Catmull-rom curve with no cusps and no self-intersections
There is a much easier and more efficient way to implement this which only requires you to compute your tangents using a different formula, without the need to implement the recursive evaluation algorithm of Barry and Goldman.
If you take the Barry-Goldman parametrization (referenced in Ted's answer) C(t) for the knots (t0,t1,t2,t3) and the control points (P0,P1,P2,P3), its closed form is pretty complicated, but in the end it's still a cubic polynomial in t when you constrain it to the interval (t1,t2). So all we need to describe it fully are the values and tangents at the two end points t1 and t2. If we work out these values (I did this in Mathematica), we find
C(t1) = P1
C(t2) = P2
C'(t1) = (P1 - P0) / (t1 - t0) - (P2 - P0) / (t2 - t0) + (P2 - P1) / (t2 - t1)

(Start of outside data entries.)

(* Let $K\ge 2$, $0<q<p$ with $p+(K-1)q=1$, and $\phi\in\Delta$. Suppose the smallest entry of $\phi$, say $\phi_m$, satisfies $\phi_m<q$, and the second smallest entry of $\phi$ is at least $\frac{Kq-\phi_m}{K-1}$. Then the three points $\mathrm{InvP}(\phi)$, $\mathrm{MLE}^*(\phi)$, $\mathrm{InvN}(\phi)$ of $\mathbb{R}^K$ are collinear, and $\mathrm{MLE}^*(\phi)$ lies between $\mathrm{InvP}(\phi)$ and $\mathrm{InvN}(\phi)$ (on the segment joining them).
   Context: $\Delta=\{\theta\in\mathbb{R}^K:\theta_i\ge 0,\ \sum_i\theta_i=1\}$. $p,q$ are the parameters of the randomized response mechanism ($p$ = probability of reporting the true value, $q$ = probability of reporting each other value). Estimators: $\mathrm{Inv}(\phi)_i=\frac{\phi_i-q}{p-q}$; $\mathrm{InvN}(\phi)_i=\frac{\max(0,\mathrm{Inv}(\phi)_i)}{\sum_j\max(0,\mathrm{Inv}(\phi)_j)}$; $\mathrm{InvP}(\phi)=\arg\min_{\theta\in\Delta}\|\theta-\mathrm{Inv}(\phi)\|_2$ (Euclidean projection onto $\Delta$). $\mathrm{MLE}^*(\phi)$: for real $\tau$ let $m(\tau)=|\{i:\phi_i<\tau\}|$ and $c_\tau=\frac{1-m(\tau)q}{\sum_{i:\phi_i\ge\tau}\phi_i}$; let $\tau^*$ be the smallest $\tau\in\{\phi_1,\dots,\phi_K\}$ such that $c_\tau\phi_i\ge q$ for all $i$ with $\phi_i\ge\tau$; then $\mathrm{MLE}^*(\phi)_i=0$ if $\phi_i<\tau^*$ and $\frac{c_{\tau^*}\phi_i-q}{p-q}$ otherwise. *)

theory Defs
  imports "HOL-Analysis.Analysis"
begin

text \<open>Probability prob_simplex in R^K, with K = CARD('n).\<close>
definition prob_simplex :: "(real^'n) set" where
  "prob_simplex = {\<theta>. (\<forall>i. \<theta>$i \<ge> 0) \<and> (\<Sum>i\<in>UNIV. \<theta>$i) = 1}"

definition Inv :: "real \<Rightarrow> real \<Rightarrow> real^'n \<Rightarrow> real^'n" where
  "Inv p q \<phi> = (\<chi> i. (\<phi>$i - q) / (p - q))"

definition InvN :: "real \<Rightarrow> real \<Rightarrow> real^'n \<Rightarrow> real^'n" where
  "InvN p q \<phi> = (\<chi> i. max 0 (Inv p q \<phi> $ i) / (\<Sum>j\<in>UNIV. max 0 (Inv p q \<phi> $ j)))"

definition InvP :: "real \<Rightarrow> real \<Rightarrow> real^'n \<Rightarrow> real^'n" where
  "InvP p q \<phi> = closest_point prob_simplex (Inv p q \<phi>)"

definition mcount :: "real^'n \<Rightarrow> real \<Rightarrow> nat" where
  "mcount \<phi> \<tau> = card {i. \<phi>$i < \<tau>}"

definition cfac :: "real \<Rightarrow> real^'n \<Rightarrow> real \<Rightarrow> real" where
  "cfac q \<phi> \<tau> = (1 - real (mcount \<phi> \<tau>) * q) / (\<Sum>i\<in>{i. \<phi>$i \<ge> \<tau>}. \<phi>$i)"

C'(t2) = (P2 - P1) / (t2 - t1) - (P3 - P1) / (t3 - t1) + (P3 - P2) / (t3 - t2)
We can simply plug this into the standard formula for computing a cubic spline with given values and tangents at the end points and we have our nonuniform Catmull-Rom spline. One caveat is that the above tangents are computed for the interval (t1,t2), so if you want to evaluate the curve in the standard interval (0,1), simply rescale the tangents by multiplying them with the factor (t2-t1).
I put a working C++ example on Ideone: http://ideone.com/NoEbVM
I'll also paste the code below.
#include <iostream>
#include <cmath>
using namespace std;
struct CubicPoly
{
float c0, c1, c2, c3;
float eval(float t)
{
float t2 = t*t;
float t3 = t2 * t;
return c0 + c1*t + c2*t2 + c3*t3;
}
};
/*
* Compute coefficients for a cubic polynomial
* p(s) = c0 + c1*s + c2*s^2 + c3*s^3
* such that
* p(0) = x0, p(1) = x1
* and
* p'(0) = t0, p'(1) = t1.
*/
void InitCubicPoly(float x0, float x1, float t0, float t1, CubicPoly &p)
{
p.c0 = x0;
p.c1 = t0;
p.c2 = -3*x0 + 3*x1 - 2*t0 - t1;
p.c3 = 2*x0 - 2*x1 + t0 + t1;
}
// standard Catmull-Rom spline: interpolate between x1 and x2 with previous/following points x0/x3
// (we don't need this here, but it's for illustration)
void InitCatmullRom(float x0, float x1, float x2, float x3, CubicPoly &p)
{
// Catmull-Rom with tension 0.5
InitCubicPoly(x1, x2, 0.5f*(x2-x0), 0.5f*(x3-x1), p);
}
// compute coefficients for a nonuniform Catmull-Rom spline
void InitNonuniformCatmullRom(float x0, float x1, float x2, float x3, float dt0, float dt1, float dt2, CubicPoly &p)
{
// compute tangents when parameterized in [t1,t2]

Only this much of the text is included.